For the Nature paper, investigators conducted a mouse study that mirrored an ongoing human trial of a potential treatment for non-small cell lung cancer.
Patients in the clinical trial had a form of the disease that carries a mutation in the gene Kras. They received either standard chemotherapy or a combination of chemotherapy and selumetinib, a drug that inhibits a specific kinase in cells.
In the parallel study, mice with Kras-mutant non-small cell lung cancer also received either chemo alone or chemo and selumetinib. But the mice were further subdivided based on the genetic makeup of their tumors: some had mutations only in Kras, some had mutations in both Kras and the gene p53, and some had mutations in Kras and the gene Lkb1.
The researchers found that that the chemo and selumetinib tandem produced a substantial improvement in mice whose cancer contained mutations in Kras alone and in Kras and p53, but not in those with Kras and Lkb1 mutations.

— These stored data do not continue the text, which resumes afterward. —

(* Let $v_1\ge v_2>0$, $m\in\mathbb{Z}_{\ge1}$ and $0<b<m$. If a strategy profile $(X,Y)$ with $\mathbf{E}(X)=m$ and $\mathbf{E}(Y)=b$ is a Nash equilibrium of the discrete all-pay auction with valuations $v_1,v_2$, then $m=v_2/2$, $(X,Y)$ is a Nash equilibrium of the General Lotto game $\Gamma(m,b)$, and $X=U_{\mathrm{O}}^m$.
   Context: Discrete all-pay auction: two players, 1 and 2, value a prize at $v_1$ and $v_2$ respectively, where $v_1\ge v_2>0$. A (mixed) strategy is a probability distribution on $\mathbb{Z}_{\ge 0}$ with finite mean, identified with a $\mathbb{Z}_{\ge0}$-valued random variable; the two players' choices are independent. If player 1 uses $X$ and player 2 uses $Y$, the expected payoffs are $P^1(X,Y)=v_1\Pr(X>Y)+\frac{v_1}{2}\Pr(X=Y)-\mathbf{E}(X)$ and $P^2(Y,X)=v_2\Pr(Y>X)+\frac{v_2}{2}\Pr(X=Y)-\mathbf{E}(Y)$. A Nash equilibrium of the all-pay auction is a pair $(X,Y)$ with $P^1(X,Y)\ge P^1(X',Y)$ and $P^2(Y,X)\ge P^2(Y',X)$ for all strategies $X',Y'$. Discrete General Lotto game: for reals $a,b\ge 0$, in $\Gamma(a,b)$ player 1 chooses a distribution $X$ on $\mathbb{Z}_{\ge0}$ with $\mathbf{E}(X)=a$ and player 2 chooses a distribution $Y$ on $\mathbb{Z}_{\ge 0}$ with $\mathbf{E}(Y)=b$ (independently); the payoff to player 1 is $H(X,Y)=\Pr(X>Y)-\Pr(X<Y)$ and to player 2 is $H(Y,X)=-H(X,Y)$. A Nash equilibrium of $\Gamma(a,b)$ is a pair $(X,Y)$ from these strategy sets such that neither player can increase her payoff by switching to another strategy in her own strategy set. For $m\ge1$, $U_{\mathrm{O}}^m$ is the uniform distribution on $\{1,3,\dots,2m-1\}$. *)

theory Defs
  imports "HOL-Probability.Probability"
begin

definition strategy :: "nat pmf \<Rightarrow> bool" where
  "strategy X \<longleftrightarrow> integrable (measure_pmf X) (\<lambda>n. real n)"

definition mean :: "nat pmf \<Rightarrow> real" where
  "mean X = measure_pmf.expectation X (\<lambda>n. real n)"

definition prob_gt :: "nat pmf \<Rightarrow> nat pmf \<Rightarrow> real" where
  "prob_gt X Y = measure_pmf.prob (pair_pmf X Y) {p. fst p > snd p}"

definition prob_eq :: "nat pmf \<Rightarrow> nat pmf \<Rightarrow> real" where
  "prob_eq X Y = measure_pmf.prob (pair_pmf X Y) {p. fst p = snd p}"

definition payoff1 :: "real \<Rightarrow> nat pmf \<Rightarrow> nat pmf \<Rightarrow> real" where
  "payoff1 v1 X Y = v1 * prob_gt X Y + v1 / 2 * prob_eq X Y - mean X"

definition payoff2 :: "real \<Rightarrow> nat pmf \<Rightarrow> nat pmf \<Rightarrow> real" where
  "payoff2 v2 Y X = v2 * prob_gt Y X + v2 / 2 * prob_eq X Y - mean Y"

definition allpay_NE :: "real \<Rightarrow> real \<Rightarrow> nat pmf \<Rightarrow> nat pmf \<Rightarrow> bool" where
  "allpay_NE v1 v2 X Y \<longleftrightarrow> strategy X \<and> strategy Y \<and>
     (\<forall>X'. strategy X' \<longrightarrow> payoff1 v1 X' Y \<le> payoff1 v1 X Y) \<and>
     (\<forall>Y'. strategy Y' \<longrightarrow> payoff2 v2 Y' X \<le> payoff2 v2 Y X)"

definition lotto_H :: "nat pmf \<Rightarrow> nat pmf \<Rightarrow> real" where
  "lotto_H X Y = prob_gt X Y - prob_gt Y X"

definition lotto_NE :: "real \<Rightarrow> real \<Rightarrow> nat pmf \<Rightarrow> nat pmf \<Rightarrow> bool" where
  "lotto_NE a b X Y \<longleftrightarrow>
     strategy X \<and> mean X = a \<and> strategy Y \<and> mean Y = b \<and>
     (\<forall>X'. strategy X' \<and> mean X' = a \<longrightarrow> lotto_H X' Y \<le> lotto_H X Y) \<and>
     (\<forall>Y'. strategy Y' \<and> mean Y' = b \<longrightarrow> lotto_H Y' X \<le> lotto_H Y X)"

definition U_O :: "nat \<Rightarrow> nat pmf" where
  "U_O m = pmf_of_set ((\<lambda>k. 2 * k + 1) ` {..<m})"

end

theory Submission
  imports Defs
begin

text \<open>Write \<open>w(A,B) = Pr(A > B) + Pr(A = B)/2\<close>; then the all-pay payoffs are \<open>v w - mean\<close>, and
  \<open>w(A,B)\<close> is the \<open>A\<close>-average of the mid-distribution function \<open>F\<^sub>B\<close> of \<open>B\<close>. Since
  \<open>2m F\<^sub>U \<le> id\<close> for \<open>U = U\<^sub>O\<^sup>m\<close>, player 1's deviation to \<open>U\<close> caps player 2's share at \<open>b/(2m)\<close>;
  together with player 2's deviations to the bid \<open>0\<close> and to \<open>X\<close> this forces \<open>v\<^sub>2 = 2m\<close> and a zero
  payoff for player 2. The pure deviations of player 2 then give \<open>2m F\<^sub>X \<le> id\<close>, with equality on
  the support of \<open>X\<close> because both sides have \<open>X\<close>-mean \<open>m\<close>, and this pins \<open>X\<close> down to \<open>U\<close>.
  As the means are fixed, both players' payoffs are affine in the Lotto payoff \<open>2w - 1\<close>.\<close>

lemma measure_pmf_prob_bind_pmf:
  "measure_pmf.prob (bind_pmf M N) S = (\<integral>x. measure_pmf.prob (N x) S \<partial>measure_pmf M)"
proof -
  have "emeasure (measure_pmf (bind_pmf M N)) S
      = (\<integral>\<^sup>+x. ennreal (measure_pmf.prob (N x) S) \<partial>measure_pmf M)"
    unfolding emeasure_bind_pmf by (simp add: measure_pmf.emeasure_eq_measure)
  also have "\<dots> = ennreal (\<integral>x. measure_pmf.prob (N x) S \<partial>measure_pmf M)"
    by (intro nn_integral_eq_integral measure_pmf.integrable_const_bound[where B=1]) auto
  finally show ?thesis
    by (simp add: measure_pmf.emeasure_eq_measure integral_nonneg)
qed

lemma measure_pmf_prob_pair_pmf:
  "measure_pmf.prob (pair_pmf A B) S = (\<integral>a. measure_pmf.prob B {b. (a, b) \<in> S} \<partial>measure_pmf A)"
proof -
  have "pair_pmf A B = bind_pmf A (\<lambda>x. map_pmf (Pair x) B)"
    by (simp add: pair_pmf_def map_pmf_def)
  then show ?thesis
    by (simp add: measure_pmf_prob_bind_pmf vimage_def)
qed

lemma measure_pmf_prob_pair_pmf_swap:
  "measure_pmf.prob (pair_pmf B A) S = measure_pmf.prob (pair_pmf A B) ((\<lambda>(x, y). (y, x)) -` S)"
  by (subst pair_commute_pmf) simp

lemma measure_pmf_prob_lessThan_Suc:
  "measure_pmf.prob X {..<Suc j} = measure_pmf.prob X {..<j} + pmf X j"
proof -
  have "measure_pmf.prob X ({..<j} \<union> {j}) = measure_pmf.prob X {..<j} + measure_pmf.prob X {j}"
    by (rule measure_pmf.finite_measure_Union) auto
  then show ?thesis
    by (simp add: lessThan_Suc measure_pmf_single)
qed

lemma prob_eq_commute: "prob_eq A B = prob_eq B A"
  unfolding prob_eq_def measure_pmf_prob_pair_pmf_swap[of A B]
  by (rule arg_cong[where f="measure_pmf.prob _"]) auto

lemma prob_gt_add_prob_gt_add_prob_eq: "prob_gt A B + prob_gt B A + prob_eq A B = 1"
proof -
  let ?P = "measure_pmf.prob (pair_pmf A B)"
  have gt_swap: "prob_gt B A = ?P {p. fst p < snd p}"
    unfolding prob_gt_def measure_pmf_prob_pair_pmf_swap[of A B]
    by (rule arg_cong[where f="measure_pmf.prob _"]) auto
  have "?P ({p. fst p > snd p} \<union> {p. fst p < snd p} \<union> {p. fst p = snd p})
      = ?P {p. fst p > snd p} + ?P {p. fst p < snd p} + ?P {p. fst p = snd p}"
    by (subst measure_pmf.finite_measure_Union; auto intro!: measure_pmf.finite_measure_Union)+
  also have "{p. fst p > snd p} \<union> {p. fst p < snd p} \<union> {p. fst p = snd p} = (UNIV :: (nat \<times> nat) set)"
    by auto
  finally show ?thesis
    unfolding gt_swap prob_gt_def[of A B] prob_eq_def by simp
qed

definition mid_cdf :: "nat pmf \<Rightarrow> nat \<Rightarrow> real" where
  "mid_cdf B a = measure_pmf.prob B {..<a} + pmf B a / 2"

definition win_share :: "nat pmf \<Rightarrow> nat pmf \<Rightarrow> real" where
  "win_share A B = prob_gt A B + prob_eq A B / 2"

lemma mid_cdf_nonneg: "0 \<le> mid_cdf B a"
  unfolding mid_cdf_def by simp

lemma mid_cdf_le_1: "mid_cdf B a \<le> 1"
  unfolding mid_cdf_def
  using measure_pmf.prob_le_1[of B "{..<Suc a}"] measure_pmf_prob_lessThan_Suc[of B a] pmf_nonneg[of B a]
  by linarith

lemma integrable_mid_cdf: "integrable (measure_pmf A) (mid_cdf B)"
  by (intro measure_pmf.integrable_const_bound[where B=1]) (auto simp: mid_cdf_nonneg mid_cdf_le_1)

lemma win_share_eq_integral: "win_share A B = (\<integral>a. mid_cdf B a \<partial>measure_pmf A)"
proof -
  have gt: "prob_gt A B = (\<integral>a. measure_pmf.prob B {..<a} \<partial>measure_pmf A)"
    unfolding prob_gt_def measure_pmf_prob_pair_pmf by (simp add: lessThan_def)
  have eq: "prob_eq A B = (\<integral>a. pmf B a \<partial>measure_pmf A)"
    unfolding prob_eq_def measure_pmf_prob_pair_pmf
    by (simp add: measure_pmf_single[symmetric] del: measure_pmf_single)
  have "integrable (measure_pmf A) (\<lambda>a. measure_pmf.prob B {..<a})"
       "integrable (measure_pmf A) (pmf B)"
    by (intro measure_pmf.integrable_const_bound[where B=1]; simp add: pmf_le_1)+
  then show ?thesis
    unfolding win_share_def mid_cdf_def gt eq by simp
qed

lemma win_share_add_win_share: "win_share A B + win_share B A = 1"
  using prob_gt_add_prob_gt_add_prob_eq[of A B] prob_eq_commute[of A B]
  unfolding win_share_def by simp

lemma win_share_self: "win_share A A = 1 / 2"
  using win_share_add_win_share[of A A] by simp

lemma win_share_return_pmf: "win_share (return_pmf j) B = mid_cdf B j"
  unfolding win_share_def mid_cdf_def prob_gt_def prob_eq_def pair_return_pmf1
  by (simp add: vimage_def lessThan_def measure_pmf_single[symmetric] del: measure_pmf_single)

lemma payoff1_eq_win_share: "payoff1 v X Y = v * win_share X Y - mean X"
  unfolding payoff1_def win_share_def by (simp add: algebra_simps)

lemma payoff2_eq_win_share: "payoff2 v Y X = v * win_share Y X - mean Y"
  unfolding payoff2_def win_share_def by (simp add: prob_eq_commute[of X Y] algebra_simps)

lemma lotto_H_eq_win_share: "lotto_H A B = 2 * win_share A B - 1"
  using prob_gt_add_prob_gt_add_prob_eq[of A B]
  unfolding lotto_H_def win_share_def by simp

lemma strategy_return_pmf: "strategy (return_pmf j)"
  unfolding strategy_def by (rule integrable_measure_pmf_finite) simp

"Our work identified mutated p53 and Lkb1 as potential biomarkers of the effectiveness of combination chemotherapy and selumetinib in this group of patients," said Wong. "Analysis of tumor samples from patients in the clinical trial can show whether human non-small cell lung cancer shows the same pattern of responsiveness to this therapy. If so, the next stage of clinical trials can focus on patients who are most likely to benefit from this combination of therapies."
He added that the co-clinical trial technique can generate useful information for trials of a wide range of targeted cancer therapies.
Funding for the study was provided by the National Institutes of Health, the United Against Lung Cancer Foundation, the American Lung Association, and the Susan Spooner Research Fund.
The lead author of the study is Zhao Chen, PhD, of Dana-Farber. Co-authors include Katherine Cheng, Zandra Walton, Yan Liu, PhD, Tanya Tupper, NMT, Jing Ouyang, PhD, Peng Gao, Michele Woo, Chunxiao Xu, PhD, Masahiko Yanagita, MD, PhD, Abigail Altabel, Yanping Sun, PhD, Yoko Franchetti, PhD, Catherine Yao, Amy Saur, Mohit Butaney, David Jackman, MD, George Demetri, MD, Pasi Janne, MD, PhD, and Andrew Kung, MD, PhD, of Dana-Farber; Yuchuan Wang, PhD, and Mizuki Nishino, MD, of Dana-Farber and Brigham and Women's Hospital; Hiromichi Ebi, MD, PhD, Nabeel Bardeesy, PhD, and Jeffrey Engelman, MD, PhD, of Massachusetts General Hospital; Takeshi Shimamura, PhD, of Loyola University; Jie Li of Iowa State University; Shumei Wang, Lucian Chirieac, MD, and Charles Lee, PhD, of Brigham and Women's Hospital; Yuji Nakada, PhD, Christopher Pena, and Diego Castrillon, MD, PhD, of University of Texas Southwestern Medical Center; Michael Cameron, PhD, of the Scripps Research Institute; D. Neil Hayes, MD, MPH, Matthew Wilkerson, PhD, Patrick Roberts, PharmD, PhD, Carrie Lee, MD, MPH, and Norman Sharpless, MD, of the University of North Carolina, Chapel Hill; Daniel Costa, MD, PhD, Pier Paolo Pandolfi, MD, PhD, and Lewis Cantley, PhD, of Beth Israel Deaconess Medical Center.
At Dana-Farber, patients receive lung cancer treatment through the Lowe Center for Thoracic Oncology.